AT AIDS 2016

DURBAN, SOUTH AFRICA (FRONTLINE MEDICAL NEWS) – On-demand preexposure prophylaxis using oral antiretroviral therapy taken by men as little as 2 hours before engaging in high-risk sex with other men proved even more effective in preventing HIV transmission in the IPERGAY open-label extension study than in the original randomized, double-blind, placebo-controlled IPERGAY trial, Jean-Michel Molina, MD, reported at the 21st International AIDS Conference.

In the previously reported landmark double-blind IPERGAY trial, the incidence of HIV infection was 0.91%/year with tenofovir/emtricitabine (Truvada) for preexposure prophylaxis (PrEP) during 219 person-years of follow-up and 6.6%/year with placebo during 212 person-years of follow-up, for an 86% relative risk reduction ( N Engl J Med. 2015 Dec 3;373[23]:2237-46 ). In the 299 participants in the open-label extension of IPERGAY, HIV infection occurred at a rate of just 0.19%/year during 515 person-years of prospective follow-up, translating to a 97% reduction in risk, compared with the placebo-treated controls in the parent study.

Moreover, the one patient who became HIV positive in the open-label extension study hadn’t used PrEP for months beforehand because he’d been in a stable relationship with a single partner, who turned out to be HIV infected, according to Dr. Molina, professor of infectious diseases at the University of Paris-Diderot and head of the infectious diseases department at Saint-Louis Hospital.

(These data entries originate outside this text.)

lemma sum_lessThan_two_terms_le:
  fixes G :: "nat \<Rightarrow> nat"
  assumes "i \<noteq> j" "i < h" "j < h" "\<And>p. p < h \<Longrightarrow> 1 \<le> G p"
  shows "G i + G j + (h - 2) \<le> (\<Sum>p<h. G p)"
proof -
  have "of_nat (card ({..<h} - {i, j})) * 1 \<le> (\<Sum>p\<in>{..<h} - {i, j}. G p)"
    by (rule sum_bounded_below) (use assms(4) in auto)
  moreover have "card ({..<h} - {i, j}) = h - 2"
    using assms(1-3) by (simp add: card_Diff_subset)
  moreover have "(\<Sum>p<h. G p) = (\<Sum>p\<in>{..<h} - {i, j}. G p) + (\<Sum>p\<in>{i, j}. G p)"
    using assms(2,3) by (intro sum.subset_diff) auto
  ultimately show ?thesis
    using assms(1) by simp
qed

lemma cyc_increasing_fwd_dist_sum:
  assumes "cyc_increasing h \<phi>" "\<phi> ` {0..<h} \<subseteq> {0..<n}" "2 \<le> h"
  shows "(\<Sum>i<h. fwd_dist n (\<phi> i) (\<phi> (Suc i mod h))) = n"
proof -
  obtain t where t: "t < h" and mono: "strict_mono_on {..<h} (\<lambda>i. \<phi> ((t + i) mod h))"
    using assms(1) by (rule cyc_increasing_rotation)
  define q where "q i = \<phi> ((t + i) mod h)" for i
  have q_less: "q i < n" if "i < h" for i
    using assms(2) t that unfolding q_def by (auto simp: image_subset_iff)
  have q_step: "q i < q (Suc i)" if "Suc i < h" for i
    using strict_mono_onD[OF mono, of i "Suc i"] that unfolding q_def by simp
  obtain l where l: "h = Suc l" "0 < l"
    using assms(3) by (intro that[of "h - 1"]) auto
  have "q 0 < q l"
    using strict_mono_onD[OF mono, of 0 l] l unfolding q_def by simp
  have "Suc ((t + p) mod h) mod h = (t + Suc p mod h) mod h" for p
    by (simp add: mod_Suc_eq mod_add_right_eq)
  then have "(\<Sum>i<h. fwd_dist n (\<phi> i) (\<phi> (Suc i mod h)))
      = (\<Sum>p<h. fwd_dist n (q p) (q (Suc p mod h)))"
    using sum_lessThan_rotate[OF t, of "\<lambda>i. fwd_dist n (\<phi> i) (\<phi> (Suc i mod h))"]
    by (simp add: q_def)
  also have "\<dots> = (\<Sum>p<l. q (Suc p) - q p) + fwd_dist n (q l) (q 0)"
    using q_step q_less l by (simp add: fwd_dist_of_le less_imp_le)
  also have "(\<Sum>p<l. q (Suc p) - q p) = q l - q 0"
    using q_step l by (intro sum_lessThan_telescope_nat) (simp add: less_imp_le)
  also have "fwd_dist n (q l) (q 0) = n - (q l - q 0)"
    using \<open>q 0 < q l\<close> q_less l by (simp add: fwd_dist_of_gt)
  finally show ?thesis
    using q_less[of l] l by simp
qed

section \<open>Circulant colorings\<close>

definition circulant_coloring :: "nat \<Rightarrow> (nat \<Rightarrow> bool) \<Rightarrow> nat set \<Rightarrow> nat" where
  "circulant_coloring n P e = (if \<exists>x\<in>e. \<exists>y\<in>e. x \<noteq> y \<and> P (circ_dist n x y) then 1 else 2)"

lemma circulant_coloring_edge:
  "x \<noteq> y \<Longrightarrow> circulant_coloring n P {x, y} = (if P (circ_dist n x y) then 1 else 2)"
  by (auto simp: circulant_coloring_def circ_dist_commute)

lemma two_coloring_circulant_coloring: "two_coloring n (circulant_coloring n P)"
  by (simp add: two_coloring_def circulant_coloring_def)

lemma circulant_coloring_degree:
  assumes "x < n"
  shows "card {y. y < n \<and> y \<noteq> x \<and> circulant_coloring n P {x, y} = 2}
    \<le> card {d. 0 < d \<and> d < n \<and> \<not> P (min d (n - d))}"
proof (rule card_inj_on_le)
  show "inj_on (fwd_dist n x) {y. y < n \<and> y \<noteq> x \<and> circulant_coloring n P {x, y} = 2}"
    by (rule inj_on_subset[OF inj_on_fwd_dist]) auto
  have "fwd_dist n x y \<noteq> 0" if "y < n" "y \<noteq> x" for y
    using add_fwd_dist_mod[OF \<open>y < n\<close>, of x] assms that by (cases "fwd_dist n x y") auto
  then show "fwd_dist n x ` {y. y < n \<and> y \<noteq> x \<and> circulant_coloring n P {x, y} = 2}
    \<subseteq> {d. 0 < d \<and> d < n \<and> \<not> P (min d (n - d))}"
    using assms by (auto simp: circulant_coloring_edge circ_dist_eq_min fwd_dist_less_modulus split: if_splits)
qed simp

lemma circulant_coloring_embedding_edge:
  assumes "embedding n (circulant_coloring n P) h E 1 \<phi>" "{u, v} \<in> E" "u \<noteq> v" "u < h" "v < h"
  shows "P (circ_dist n (\<phi> u) (\<phi> v))"
proof -
  have "\<phi> u \<noteq> \<phi> v"
    using assms(1,3-5) unfolding embedding_def by (auto simp: inj_on_eq_iff)
  moreover have "circulant_coloring n P {\<phi> u, \<phi> v} = 1"
    using assms(1,2) unfolding embedding_def by force
  ultimately show ?thesis
    by (simp add: circulant_coloring_edge split: if_splits)
qed

section \<open>The two extremal colorings\<close>

lemma nested_matching_edge: "v < a div 2 \<Longrightarrow> {v, a - 1 - v} \<in> nested_matching a"
  unfolding nested_matching_def by blast

lemma nested_matching_not_near_colored:
  assumes "a = 4 * m + 2"
    and emb: "embedding n (circulant_coloring n (\<lambda>d. d \<le> 2 * m)) a (nested_matching a) 1 \<phi>"
  shows "\<not> cyc_increasing a \<phi>"
proof
  assume cyc: "cyc_increasing a \<phi>"
  have "{m, 3 * m + 1} \<in> nested_matching a"
    using nested_matching_edge[of m a] assms(1) by simp
  then have "circ_dist n (\<phi> m) (\<phi> (3 * m + 1)) \<le> 2 * m"
    using circulant_coloring_embedding_edge[OF emb] assms(1) by simp
  moreover have "circ_dist a m (3 * m + 1) \<le> circ_dist n (\<phi> m) (\<phi> (3 * m + 1))"
    using cyc_increasing_circ_dist_mono[OF cyc] emb assms(1) unfolding embedding_def by simp
  moreover have "circ_dist a m (3 * m + 1) = 2 * m + 1"
    using assms(1) by (simp add: circ_dist_def fwd_dist_of_le fwd_dist_of_gt)
  ultimately show False by simp
qed

lemma nested_matching_not_far_colored:
  assumes "a = 4 * m" "0 < m" "n + 2 < a + 2 * k"
    and emb: "embedding n (circulant_coloring n (\<lambda>d. k \<le> d)) a (nested_matching a) 1 \<phi>"
  shows "\<not> cyc_increasing a \<phi>"
proof
  assume cyc: "cyc_increasing a \<phi>"
  have range: "\<phi> ` {0..<a} \<subseteq> {0..<n}"
    using emb unfolding embedding_def by blast
  define G where "G i = fwd_dist n (\<phi> i) (\<phi> (Suc i mod a))" for i
  define i\<^sub>1 i\<^sub>2 where "i\<^sub>1 = 2 * m - 1" and "i\<^sub>2 = 4 * m - 1"
  have succ: "Suc i\<^sub>1 mod a = 2 * m" "Suc i\<^sub>2 mod a = 0"
    using assms(1,2) by (simp_all add: i\<^sub>1_def i\<^sub>2_def)
  have "{i\<^sub>1, 2 * m} \<in> nested_matching a" "{0, i\<^sub>2} \<in> nested_matching a"
    using nested_matching_edge[of i\<^sub>1 a] nested_matching_edge[of 0 a] assms(1,2)
    by (simp_all add: i\<^sub>1_def i\<^sub>2_def)
  then have "k \<le> circ_dist n (\<phi> i\<^sub>1) (\<phi> (2 * m))" "k \<le> circ_dist n (\<phi> 0) (\<phi> i\<^sub>2)"
    using circulant_coloring_embedding_edge[OF emb] assms(1,2) by (simp_all add: i\<^sub>1_def i\<^sub>2_def)
  moreover have "circ_dist n (\<phi> i\<^sub>1) (\<phi> (2 * m)) \<le> G i\<^sub>1"
    using circ_dist_le_fwd_dist succ(1) unfolding G_def by simp
  moreover have "circ_dist n (\<phi> 0) (\<phi> i\<^sub>2) \<le> G i\<^sub>2"
    using circ_dist_le_fwd_dist[of n "\<phi> i\<^sub>2" "\<phi> 0"] succ(2)
    unfolding G_def by (simp add: circ_dist_commute[of n "\<phi> 0"])
  ultimately have long_gaps: "k \<le> G i\<^sub>1" "k \<le> G i\<^sub>2"
    by linarith+
  have short_gaps: "1 \<le> G i" if "i < a" for i
    using cyc_increasing_fwd_dist_mono[OF cyc range that, of "Suc i mod a"] fwd_dist_Suc_mod[of a i]
      assms(1,2) unfolding G_def by simp
  have "G i\<^sub>1 + G i\<^sub>2 + (a - 2) \<le> (\<Sum>i<a. G i)"
    using short_gaps assms(1,2) by (intro sum_lessThan_two_terms_le) (simp_all add: i\<^sub>1_def i\<^sub>2_def)
  moreover have "(\<Sum>i<a. G i) = n"
    using cyc_increasing_fwd_dist_sum[OF cyc range] assms(1,2) unfolding G_def by simp
  ultimately show False
    using long_gaps assms(1-3) by linarith
qed

lemma star_embedding_degree:
  assumes "is_star b S" and "embedding n c b S j \<phi>"
  shows "\<exists>x<n. b - 1 \<le> card {y. y < n \<and> y \<noteq> x \<and> c {x, y} = j}"
proof -
  obtain z where z: "z < b" "S = {{z, v} | v. v < b \<and> v \<noteq> z}"
    using assms(1) unfolding is_star_def by blast
  have inj: "inj_on \<phi> {0..<b}" and range: "\<phi> ` {0..<b} \<subseteq> {0..<n}"
    using assms(2) unfolding embedding_def by auto
  have "\<phi> ` ({0..<b} - {z}) \<subseteq> {y. y < n \<and> y \<noteq> \<phi> z \<and> c {\<phi> z, y} = j}"
  proof
    fix y assume "y \<in> \<phi> ` ({0..<b} - {z})"
    then obtain v where "v \<in> {0..<b} - {z}" "y = \<phi> v" by blast
    then have v: "v < b" "v \<noteq> z" "y = \<phi> v" by auto
    have "{z, v} \<in> S" using z v by blast
    then have "c {\<phi> z, \<phi> v} = j" using assms(2) unfolding embedding_def by force
    moreover have "\<phi> v \<noteq> \<phi> z" using inj v z(1) by (simp add: inj_on_eq_iff)
    ultimately show "y \<in> {y. y < n \<and> y \<noteq> \<phi> z \<and> c {\<phi> z, y} = j}"
      using range v by (auto simp: image_subset_iff)
  qed
  then have "card (\<phi> ` ({0..<b} - {z})) \<le> card {y. y < n \<and> y \<noteq> \<phi> z \<and> c {\<phi> z, y} = j}"
    by (rule card_mono[rotated]) simp
  moreover have "card (\<phi> ` ({0..<b} - {z})) = b - 1"
    using inj z(1) by (simp add: card_image inj_on_diff)
  moreover have "\<phi> z < n" using range z(1) by (auto simp: image_subset_iff)
  ultimately show ?thesis by auto
qed

lemma star_not_near_colored:
  assumes "is_star b S" "2 \<le> b" "n < 4 * m + b"
  shows "\<not> embedding n (circulant_coloring n (\<lambda>d. d \<le> 2 * m)) b S 2 \<phi>"
proof
  assume "embedding n (circulant_coloring n (\<lambda>d. d \<le> 2 * m)) b S 2 \<phi>"
  then obtain x where "x < n"
    and degree: "b - 1 \<le> card {y. y < n \<and> y \<noteq> x \<and> circulant_coloring n (\<lambda>d. d \<le> 2 * m) {x, y} = 2}"
    using star_embedding_degree[OF assms(1)] by blast
  note degree
  also have "\<dots> \<le> card {d. 0 < d \<and> d < n \<and> \<not> min d (n - d) \<le> 2 * m}"
    using \<open>x < n\<close> by (rule circulant_coloring_degree)
  also have "\<dots> \<le> card {2 * m + 1..<n - 2 * m}"
    by (intro card_mono) auto
  finally show False
    using assms(2,3) by simp
qed

lemma star_not_far_colored:
  assumes "is_star b S" "0 < k" "2 * k \<le> b"
  shows "\<not> embedding n (circulant_coloring n (\<lambda>d. k \<le> d)) b S 2 \<phi>"
proof
  assume "embedding n (circulant_coloring n (\<lambda>d. k \<le> d)) b S 2 \<phi>"
  then obtain x where "x < n"
    and degree: "b - 1 \<le> card {y. y < n \<and> y \<noteq> x \<and> circulant_coloring n (\<lambda>d. k \<le> d) {x, y} = 2}"
    using star_embedding_degree[OF assms(1)] by blast
  note degree
  also have "\<dots> \<le> card {d. 0 < d \<and> d < n \<and> \<not> k \<le> min d (n - d)}"
    using \<open>x < n\<close> by (rule circulant_coloring_degree)
  also have "\<dots> \<le> card ({1..<k} \<union> {n + 1 - k..<n})"
    by (intro card_mono) auto
  also have "\<dots> \<le> card {1..<k} + card {n + 1 - k..<n}"
    by (rule card_Un_le)
  finally show False
    using assms(2,3) by simp
qed

lemma near_circulant_bad_coloring:
  assumes "a = 4 * m + 2" "is_star b S" "2 \<le> b" "n + 2 < a + b"
  shows "bad_coloring n (circulant_coloring n (\<lambda>d. d \<le> 2 * m)) a (nested_matching a) b S"
  unfolding bad_coloring_def
  using two_coloring_circulant_coloring nested_matching_not_near_colored[OF assms(1)]
    star_not_near_colored[OF assms(2,3)] assms(1,4)
  by auto

lemma far_circulant_bad_coloring:
  assumes "a = 4 * m" "0 < m" "b = 2 * k" "0 < k" "is_star b S" "n + 2 < a + b"
  shows "bad_coloring n (circulant_coloring n (\<lambda>d. k \<le> d)) a (nested_matching a) b S"
  unfolding bad_coloring_def
  using two_coloring_circulant_coloring nested_matching_not_far_colored[OF assms(1,2)]
    star_not_far_colored[OF assms(5,4)] assms(3,6)
  by auto

theorem proposition4p35:
  fixes a b :: nat and S :: "nat set set"
  assumes "even a" and "a \<ge> 2" and "b \<ge> 2"
    and "a mod 4 = 2 \<or> even b"
    and "is_star b S"
  shows "a + b - 2 \<le> Rcyc a (nested_matching a) b S"
proof -
  define n where "n = a + b - 3"
  have "n + 2 < a + b"
    using assms(2,3) by (simp add: n_def)
  obtain c where "bad_coloring n c a (nested_matching a) b S"
  proof (cases "a mod 4 = 2")
    case True
    then have "a = 4 * (a div 4) + 2"
      by presburger
    then show ?thesis
      using that near_circulant_bad_coloring assms(3,5) \<open>n + 2 < a + b\<close> by blast
  next
    case False
    then have "a = 4 * (a div 4)" "0 < a div 4" "b = 2 * (b div 2)" "0 < b div 2"
      using assms(1-4) by presburger+
    then show ?thesis
      using that far_circulant_bad_coloring assms(5) \<open>n + 2 < a + b\<close> by blast
  qed
  then have "n < Rcyc a (nested_matching a) b S"
    using simple_graph_nested_matching simple_graph_star[OF assms(5)] assms(2,3)
    by (intro less_Rcyc) auto
  then show ?thesis
    by (simp add: n_def)
qed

The rationale for on-demand, as-needed PrEP is that patients find it less burdensome than chronic daily therapy. The IPERGAY regimen entails taking a loading dose of two tablets of Truvada, each containing a fixed dose of 300 mg of tenofovir and 200 mg of emtricitabine, with food 2-24 hours before sex, followed by a third tablet 24 hours after the loading dose and a fourth tablet 24 hours after that. If a patient has multiple consecutive sexual episodes, he is to take one tablet per day until the last episode, then take the two postexposure tablets at 24-hour intervals.

Participants in the open-label extension study engaged in high-risk sex. At baseline they had averaged seven different sexual partners in the previous 2 months and engaged in condomless anal sex with at least two different partners in the prior 6 months.

At baseline 77% of subjects indicated their last experience of receptive anal intercourse was condomless. And even though all study participants received risk reduction counseling and free condoms, at the study’s end 86% of subjects said they were condomless for their most recent experience of receptive anal intercourse, a significant increase, compared with baseline.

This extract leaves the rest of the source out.